Instructions to follow — Copy each line in the data that includes the word "subseteq".

————————

(* Let $X$ be a $T_4$ locally compact topological space and let $\kappa$ be an uncountable cardinal. Then the following are equivalent: (i) $C_0(X)$ is $\mathrm{SQ}_{<\kappa}$; (ii) $C_0(X)$ is $\mathrm{ASQ}_{<\kappa}$; (iii) for every family $\mathscr K$ of compact subsets of $X$ with $|\mathscr K|<\kappa$, the union $\bigcup\mathscr K$ is not dense in $X$.
   Context: $C_0(X)$ denotes the Banach space of real-valued continuous functions on $X$ vanishing at infinity, with the supremum norm. For a Banach space $Z$ with unit sphere $S_Z$ and a cardinal $\kappa$: $Z$ is $\mathrm{ASQ}_{<\kappa}$ if for every set $A\subset S_Z$ with $|A|<\kappa$ and every $\varepsilon>0$ there exists $y\in S_Z$ with $\|x\pm y\|\le 1+\varepsilon$ for all $x\in A$; $Z$ is $\mathrm{SQ}_{<\kappa}$ if for every set $A\subset S_Z$ with $|A|<\kappa$ there exists $y\in S_Z$ with $\|x\pm y\|\le 1$ for all $x\in A$. *)

theory Defs
  imports "HOL-Analysis.Analysis" "HOL-Library.Equipollence"
begin

text \<open>Elements are represented extensionally (value 0 outside the topspace),
so that distinct elements of the space are distinct HOL functions.\<close>
definition C0 :: "'a topology \<Rightarrow> ('a \<Rightarrow> real) set" where
  "C0 X = {f. continuous_map X euclideanreal f \<and> (\<forall>x. x \<notin> topspace X \<longrightarrow> f x = 0) \<and>
              (\<forall>e>0. compactin X {x \<in> topspace X. e \<le> \<bar>f x\<bar>})}"

text \<open>Supremum norm (the 0 is inserted so that the empty space gets norm 0).\<close>
definition supnorm :: "'a topology \<Rightarrow> ('a \<Rightarrow> real) \<Rightarrow> real" where
  "supnorm X f = Sup (insert 0 ((\<lambda>x. \<bar>f x\<bar>) ` topspace X))"

definition C0_sphere :: "'a topology \<Rightarrow> ('a \<Rightarrow> real) set" where
  "C0_sphere X = {f \<in> C0 X. supnorm X f = 1}"

text \<open>ASQ_{<kappa}, where the cardinal kappa is given as the cardinality of a set K.\<close>
definition C0_ASQ :: "'a topology \<Rightarrow> 'k set \<Rightarrow> bool" where
  "C0_ASQ X K \<longleftrightarrow> (\<forall>A. A \<subseteq> C0_sphere X \<longrightarrow> A \<prec> K \<longrightarrow>
     (\<forall>\<epsilon>>0. \<exists>y\<in>C0_sphere X. \<forall>f\<in>A.
        supnorm X (\<lambda>x. f x + y x) \<le> 1 + \<epsilon> \<and> supnorm X (\<lambda>x. f x - y x) \<le> 1 + \<epsilon>))"

definition C0_SQ :: "'a topology \<Rightarrow> 'k set \<Rightarrow> bool" where
  "C0_SQ X K \<longleftrightarrow> (\<forall>A. A \<subseteq> C0_sphere X \<longrightarrow> A \<prec> K \<longrightarrow>
     (\<exists>y\<in>C0_sphere X. \<forall>f\<in>A.
        supnorm X (\<lambda>x. f x + y x) \<le> 1 \<and> supnorm X (\<lambda>x. f x - y x) \<le> 1))"

end

theory Submission
  imports Defs
begin

text \<open>
  (ii) \<open>\<Rightarrow>\<close> (iii): for every nonempty compact \<open>C \<in> \<K>\<close> take an Urysohn function of norm one
  equal to 1 on \<open>C\<close>. An almost square element \<open>y\<close> for these fewer than \<open>\<kappa>\<close> functions satisfies
  \<open>|1 \<plusminus> y| \<le> 3/2\<close>, hence \<open>|y| \<le> 1/2\<close>, on \<open>\<Union>\<K>\<close>; if \<open>\<Union>\<K>\<close> were dense this would give
  \<open>\<parallel>y\<parallel> \<le> 1/2\<close>.

  (iii) \<open>\<Rightarrow>\<close> (i): the cozero set of \<open>f \<in> C\<^sub>0(X)\<close> is the union of the countably many compact
  level sets \<open>{|f| \<ge> 1/(n+1)}\<close>. For \<open>|A| < \<kappa>\<close> these are fewer than \<open>\<kappa>\<close> compact sets since \<open>\<kappa>\<close>
  is uncountable, so their union is not dense; an Urysohn function of norm one supported in the
  complement of its closure has disjoint support from every \<open>f \<in> A\<close>, which makes \<open>\<parallel>f \<plusminus> y\<parallel> \<le> 1\<close>.
\<close>

unbundle cardinal_syntax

————————

Problem solution —
  "C0_ASQ X K \<longleftrightarrow> (\<forall>A. A \<subseteq> C0_sphere X \<longrightarrow> A \<prec> K \<longrightarrow>
  "C0_SQ X K \<longleftrightarrow> (\<forall>A. A \<subseteq> C0_sphere X \<longrightarrow> A \<prec> K \<longrightarrow>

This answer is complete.